IRON MAIDEN frontman Bruce Dicksinson was interviewed by Sarah Montague of BBC’s television progam “HARDtalk”, about his decision to launch an aircraft maintenance business, Cardiff Aviation Ltd, which will be based at the Twin Peaks Hangar at St Athan, Vale of Glamorgan in Wales, United Kingdom. Dickinson, a qualified commercial pilot, and his company are leasing the 132,000 square-foot hangar from the Welsh government.

Two separate preview clips from “HARDtalk” are available for watching by following the links below:

* Bruce on how the UK government needs to be “courageous” in offering tax breaks for entrepreneurs (video)
* Bruce on how he, despite having spent over 30 years playing at sell-out tours, avoids listening to music and prefers speech radio (video)

When asked what he listens to when he is not busy performing and recording with IRON MAIDEN, Dickinson said, “I watch speech and documentaries and things like that. Music, I try to avoid listening to music unless I really, really, really consciously want to listen to music. I’ve been listening to music all the time. I prefer to either think it up or create it or do it on a piano or something. Every now and again you hear something and you sort of go, ‘Hmmmm… That was nice. Who’s that?’ So I have to ask my kids. ‘By the way, who’s that?'”
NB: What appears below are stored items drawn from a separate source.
section \<open>Harmonic oscillators\<close>

definition oscillator_solution :: "real \<Rightarrow> real \<Rightarrow> (real \<Rightarrow> real) \<Rightarrow> (real \<Rightarrow> real) \<Rightarrow> bool" where
  "oscillator_solution m k a p \<longleftrightarrow> (\<forall>t\<ge>0.
     (a has_real_derivative p t / m) (at t within {0..}) \<and>
     (p has_real_derivative - (k * a t)) (at t within {0..}))"

lemma oscillator_energy_const:
  assumes "oscillator_solution m k a p" "m \<noteq> 0" "t \<ge> 0"
  shows "k * (a t)^2 + (p t)^2 / m = k * (a 0)^2 + (p 0)^2 / m"
proof -
  have "\<exists>c. \<forall>t\<in>{0..}. k * (a t)^2 + (p t)^2 / m = c"
  proof (rule has_field_derivative_zero_constant)
    fix t :: real
    assume "t \<in> {0..}"
    then show "((\<lambda>t. k * (a t)^2 + (p t)^2 / m) has_real_derivative 0) (at t within {0..})"
      using assms(1,2) unfolding oscillator_solution_def
      by (auto intro!: derivative_eq_intros simp: field_simps)
  qed (rule convex_real_interval)
  then show ?thesis using assms(3) by fastforce
qed

lemma oscillator_bounded:
  assumes sol: "oscillator_solution m k a p" and "m > 0" "k > 0"
  shows "bounded (a ` {0..})" "bounded (p ` {0..})"
proof -
  define E where "E = k * (a 0)^2 + (p 0)^2 / m"
  have "(a t)^2 \<le> E / k" "(p t)^2 \<le> m * E" if "t \<ge> 0" for t
  proof -
    have "k * (a t)^2 + (p t)^2 / m = E"
      using oscillator_energy_const[OF sol _ that] \<open>m > 0\<close> by (simp add: E_def)
    moreover have "0 \<le> k * (a t)^2" "0 \<le> (p t)^2 / m"
      using \<open>m > 0\<close> \<open>k > 0\<close> by simp_all
    ultimately have "k * (a t)^2 \<le> E" "(p t)^2 / m \<le> E"
      by linarith+
    then show "(a t)^2 \<le> E / k" "(p t)^2 \<le> m * E"
      using \<open>m > 0\<close> \<open>k > 0\<close> by (simp_all add: pos_le_divide_eq pos_divide_le_eq mult.commute)
  qed
  then have "\<bar>a t\<bar> \<le> sqrt (E / k)" "\<bar>p t\<bar> \<le> sqrt (m * E)" if "t \<ge> 0" for t
    using that by (metis real_sqrt_abs real_sqrt_le_mono)+
  then show "bounded (a ` {0..})" "bounded (p ` {0..})"
    unfolding bounded_real by blast+
qed

lemma unbounded_if_linear_lower_bound:
  fixes f :: "real \<Rightarrow> real"
  assumes "c > 0" "\<And>t. t \<ge> 0 \<Longrightarrow> c * t \<le> f t"
  shows "\<not> bounded (f ` {0..})"
proof
  assume "bounded (f ` {0..})"
  then obtain B where B: "\<And>t. t \<ge> 0 \<Longrightarrow> \<bar>f t\<bar> \<le> B"
    unfolding bounded_real by auto
  define T where "T = (\<bar>B\<bar> + 1) / c"
  have "T \<ge> 0" "c * T = \<bar>B\<bar> + 1"
    using \<open>c > 0\<close> by (simp_all add: T_def)
  then have "\<bar>B\<bar> + 1 \<le> f T" "\<bar>f T\<bar> \<le> B"
    using assms(2) B by force+
  then show False
    using abs_ge_self[of B] abs_ge_self[of "f T"] by linarith
qed

lemma oscillator_unbounded:
  assumes "m > 0" "k \<le> 0"
  obtains a p where "oscillator_solution m k a p" "\<not> bounded (a ` {0..})"
proof (cases "k = 0")
  case True
  have "oscillator_solution m k (\<lambda>t. t) (\<lambda>_. m)"
    unfolding oscillator_solution_def using True \<open>m > 0\<close> by (auto intro!: derivative_eq_intros)
  moreover have "\<not> bounded ((\<lambda>t::real. t) ` {0..})"
    by (rule unbounded_if_linear_lower_bound[of 1]) simp_all
  ultimately show ?thesis by (rule that)
next
  case False
  define l where "l = sqrt (- k / m)"
  have "- k / m > 0"
    using \<open>m > 0\<close> \<open>k \<le> 0\<close> False by (simp add: divide_neg_pos)
  then have "l > 0" and l2: "- k = m * l^2"
    using \<open>m > 0\<close> by (simp_all add: l_def)
  have "oscillator_solution m k (\<lambda>t. exp (l * t)) (\<lambda>t. m * l * exp (l * t))"
    unfolding oscillator_solution_def minus_mult_left l2 using \<open>m > 0\<close>
    by (auto intro!: derivative_eq_intros simp: power2_eq_square)
  moreover have "\<not> bounded ((\<lambda>t. exp (l * t)) ` {0..})"
  proof (rule unbounded_if_linear_lower_bound[OF \<open>l > 0\<close>])
    show "l * t \<le> exp (l * t)" for t
      using exp_ge_add_one_self[of "l * t"] by linarith
  qed
  ultimately show ?thesis by (rule that)
qed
On the topic of whether he has ever felt that IRON MAIDEN should update its formula and mature its image, Dickinson said, “Mature our image? Why? Inside this 53-year-old exterior — 54 in August — is a 17-year-old. Actually, probably mental age, probably slightly younger. But that’s the core of why you do this thing. When you’re a kid and you experience something that makes you feel, ‘Wow, walking on air.’ The first song you write, the first experiences, you have to ringfence those and guard them against what I can describe as the cynicism of the world, because the world eats into people and destroys those hopes and those dreams and things like that. And it’s those things that people call childish, those are the things, actually, that motivate us and that keeps our creativity precious; that’s what’s inside people, and they lose it at their peril. I’ve seen people that have lost it, and it’s really sad. So when I say I listen to [talk radio channel] Radio 4, it’s not because I hate the Western world of music, it’s just because I’ve got the confidence that I’ve got this little thing inside me, and if I see something and spot something and go, ‘That’s brilliant. I love that,’ I know it’s real.”

You can watch the full interview on BBC World News on Monday, May 28 at 03:30, 08:30, 15:30 and 20:30 GMT and on the BBC News Channel on Monday, May 28 at 00:30 BST and on Tuesday, May 29 at 04:30 BST.

Cardiff Aviation will maintain airliners and other large aircraft for major and independent airlines. It will also have facilities to complete the full range of ancillary aircraft maintenance and training activities and has the expertise and approvals to certify aircraft from many jurisdictions, including the USA.